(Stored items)
---

(* Let $\{\alpha_n\}_{n\ge0}$ be a sequence of positive reals and define $\gamma_0=1$, $\gamma_n=1+\sum_{i=0}^{n-1}\alpha_i$ for $n\ge1$. Suppose $\lim_{n\to\infty}\alpha_n=0$, $\limsup_{n\to\infty}|\alpha_{n+1}^{-1}-\alpha_n^{-1}|<\infty$, $\sum_{n=0}^\infty\alpha_n=\infty$, and there exists $r\in(1,\infty)$ with $\sum_{n=0}^\infty\alpha_n^2\gamma_n^{2r}<\infty$. Then there exists a real number $s\in(0,1)$ such that $\sum_{n=0}^\infty\alpha_n^{1+s}\gamma_n^r<\infty$. *)

theory Defs
  imports "HOL-Analysis.Analysis"
begin

end

theory Submission
  imports Defs
begin

text \<open>
  Writing \<open>\<gamma>\<^sub>n\<close> for the partial sums, the telescoping bound
  \<open>\<alpha>\<^sub>n / \<gamma>\<^sub>n\<^sup>2 \<le> C (1/\<gamma>\<^sub>n - 1/\<gamma>\<^sub>n\<^sub>+\<^sub>1)\<close> shows that
  \<open>\<Sum> \<alpha>\<^sub>n / \<gamma>\<^sub>n\<^sup>2\<close> converges. The term \<open>\<alpha>\<^sub>n\<^sup>1\<^sup>+\<^sup>s \<gamma>\<^sub>n\<^sup>r\<close> is the geometric
  interpolation \<open>(\<alpha>\<^sub>n\<^sup>2 \<gamma>\<^sub>n\<^sup>2\<^sup>r)\<^sup>s (\<alpha>\<^sub>n / \<gamma>\<^sub>n\<^sup>2)\<^sup>1\<^sup>-\<^sup>s\<close> with
  \<open>s = (r + 2) / (2r + 2)\<close>, so by Young's inequality it is dominated by a
  convex combination of two summable sequences.
\<close>

lemma summable_powr_interpolation:
  fixes x y :: "nat \<Rightarrow> real" and t :: real
  assumes "\<And>n. 0 \<le> x n" "\<And>n. 0 \<le> y n" "summable x" "summable y"
    and "0 \<le> t" "t \<le> 1"
  shows "summable (\<lambda>n. x n powr t * y n powr (1 - t))"
proof (rule summable_comparison_test)
  show "summable (\<lambda>n. t * x n + (1 - t) * y n)"
    using assms by (intro summable_add summable_mult)
  have "x n powr t * y n powr (1 - t) \<le> t * x n + (1 - t) * y n" for n
  proof (cases "x n = 0 \<or> y n = 0")
    case True
    then show ?thesis using assms by auto
  next
    case False
    then show ?thesis using assms Youngs_inequality_0[of t "1 - t" "x n" "y n"]
      by (simp add: order_less_le)
  qed
  then show "\<exists>N. \<forall>n\<ge>N. norm (x n powr t * y n powr (1 - t)) \<le> t * x n + (1 - t) * y n"
    by auto
qed

lemma summable_div_partial_sum_squared:
  fixes \<alpha> :: "nat \<Rightarrow> real" and M :: real
  assumes nonneg: "\<And>n. 0 \<le> \<alpha> n" and bounded: "\<And>n. \<alpha> n \<le> M"
  shows "summable (\<lambda>n. \<alpha> n / (1 + (\<Sum>i<n. \<alpha> i))\<^sup>2)"
proof -
  define \<gamma> where "\<gamma> n = 1 + (\<Sum>i<n. \<alpha> i)" for n
  have \<gamma>_ge_1: "1 \<le> \<gamma> n" for n
    using nonneg by (simp add: \<gamma>_def sum_nonneg)
  have \<gamma>_Suc: "\<gamma> (Suc n) = \<gamma> n + \<alpha> n" for n
    by (simp add: \<gamma>_def)
  have "decseq (\<lambda>n. 1 / \<gamma> n)"
  proof (rule decseq_SucI)
    show "1 / \<gamma> (Suc n) \<le> 1 / \<gamma> n" for n
      using \<gamma>_ge_1[of n] nonneg[of n] by (simp add: \<gamma>_Suc frac_le)
  qed
  then obtain L where "(\<lambda>n. 1 / \<gamma> n) \<longlonglongrightarrow> L"
    using decseq_convergent[of _ 0] \<gamma>_ge_1 by (meson less_le_trans zero_less_divide_1_iff zero_less_one less_imp_le)
  then have telescope: "summable (\<lambda>n. (1 + M) * (1 / \<gamma> n - 1 / \<gamma> (Suc n)))"
    by (intro summable_mult telescope_summable')
  have "\<alpha> n / (\<gamma> n)\<^sup>2 \<le> (1 + M) * (1 / \<gamma> n - 1 / \<gamma> (Suc n))" for n
  proof -
    have "\<gamma> (Suc n) \<le> (1 + M) * \<gamma> n"
    proof -
      have "M \<le> M * \<gamma> n"
        using order_trans[OF nonneg bounded] \<gamma>_ge_1 by (simp add: mult_le_cancel_left1)
      then show ?thesis
        using bounded[of n] by (simp add: \<gamma>_Suc algebra_simps)
    qed
    then have "\<alpha> n / (\<gamma> n)\<^sup>2 \<le> (1 + M) * \<alpha> n / (\<gamma> n * \<gamma> (Suc n))"
      using \<gamma>_ge_1[of n] \<gamma>_ge_1[of "Suc n"] nonneg[of n]
      by (simp add: power2_eq_square divide_simps mult_left_mono mult.assoc mult.left_commute)
    also have "\<dots> = (1 + M) * (1 / \<gamma> n - 1 / \<gamma> (Suc n))"
      using \<gamma>_ge_1[of n] \<gamma>_ge_1[of "Suc n"] by (simp add: \<gamma>_Suc field_simps)
    finally show ?thesis .
  qed
  then show ?thesis
    unfolding \<gamma>_def[symmetric] using nonneg
    by (intro summable_comparison_test[OF _ telescope]) auto
qed

lemma powr_interpolation_identity:
  fixes a g s r :: real
  assumes "0 < a" "0 < g"
  shows "(a\<^sup>2 * g powr (2 * r)) powr s * (a / g\<^sup>2) powr (1 - s)
       = a powr (1 + s) * g powr (2 * r * s - 2 * (1 - s))"
  using assms by (simp add: powr_def ln_mult ln_div ln_realpow flip: exp_add)
    (simp add: algebra_simps)

theorem lemma2p2:
  fixes \<alpha> :: "nat \<Rightarrow> real" and \<gamma> :: "nat \<Rightarrow> real" and r :: real
  assumes pos: "\<And>n. \<alpha> n > 0"
    and gamma_def: "\<And>n. \<gamma> n = 1 + (\<Sum>i<n. \<alpha> i)"
    and lim: "\<alpha> \<longlonglongrightarrow> 0"
    and lsup: "limsup (\<lambda>n. ereal \<bar>1 / \<alpha> (Suc n) - 1 / \<alpha> n\<bar>) < \<infinity>"
    and div: "\<not> summable \<alpha>"
    and r: "r > 1" and "summable (\<lambda>n. (\<alpha> n)\<^sup>2 * \<gamma> n powr (2 * r))"
  shows "\<exists>s::real. 0 < s \<and> s < 1 \<and> summable (\<lambda>n. \<alpha> n powr (1 + s) * \<gamma> n powr r)"
proof -
  define s where "s = (r + 2) / (2 * r + 2)"
  have s: "0 < s" "s < 1"
    using r by (auto simp: s_def field_simps)
  have "s * (2 * r + 2) = r + 2"
    using r by (simp add: s_def)
  then have exponent: "2 * r * s - 2 * (1 - s) = r"
    by (simp add: algebra_simps)
  obtain M where M: "\<And>n. \<alpha> n \<le> M"
    using convergent_imp_Bseq[OF convergentI[OF lim]] by (auto simp: Bseq_def dest: abs_le_D1)
  have \<gamma>_pos: "\<gamma> n > 0" for n
    using pos by (simp add: gamma_def add_pos_nonneg sum_nonneg less_imp_le)
  have "summable (\<lambda>n. \<alpha> n / (\<gamma> n)\<^sup>2)"
    unfolding gamma_def
    using pos M by (intro summable_div_partial_sum_squared) (auto intro: less_imp_le)
  then have "summable (\<lambda>n. ((\<alpha> n)\<^sup>2 * \<gamma> n powr (2 * r)) powr s * (\<alpha> n / (\<gamma> n)\<^sup>2) powr (1 - s))"
    using assms(7) pos \<gamma>_pos s by (intro summable_powr_interpolation) (auto simp: less_imp_le)
  then have "summable (\<lambda>n. \<alpha> n powr (1 + s) * \<gamma> n powr r)"
    by (simp only: powr_interpolation_identity pos \<gamma>_pos exponent)
  then show ?thesis
    using s by blast
qed

end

---

Please say how many lines in the records above contain the word "longlonglongrightarrow". Give the number alone.

2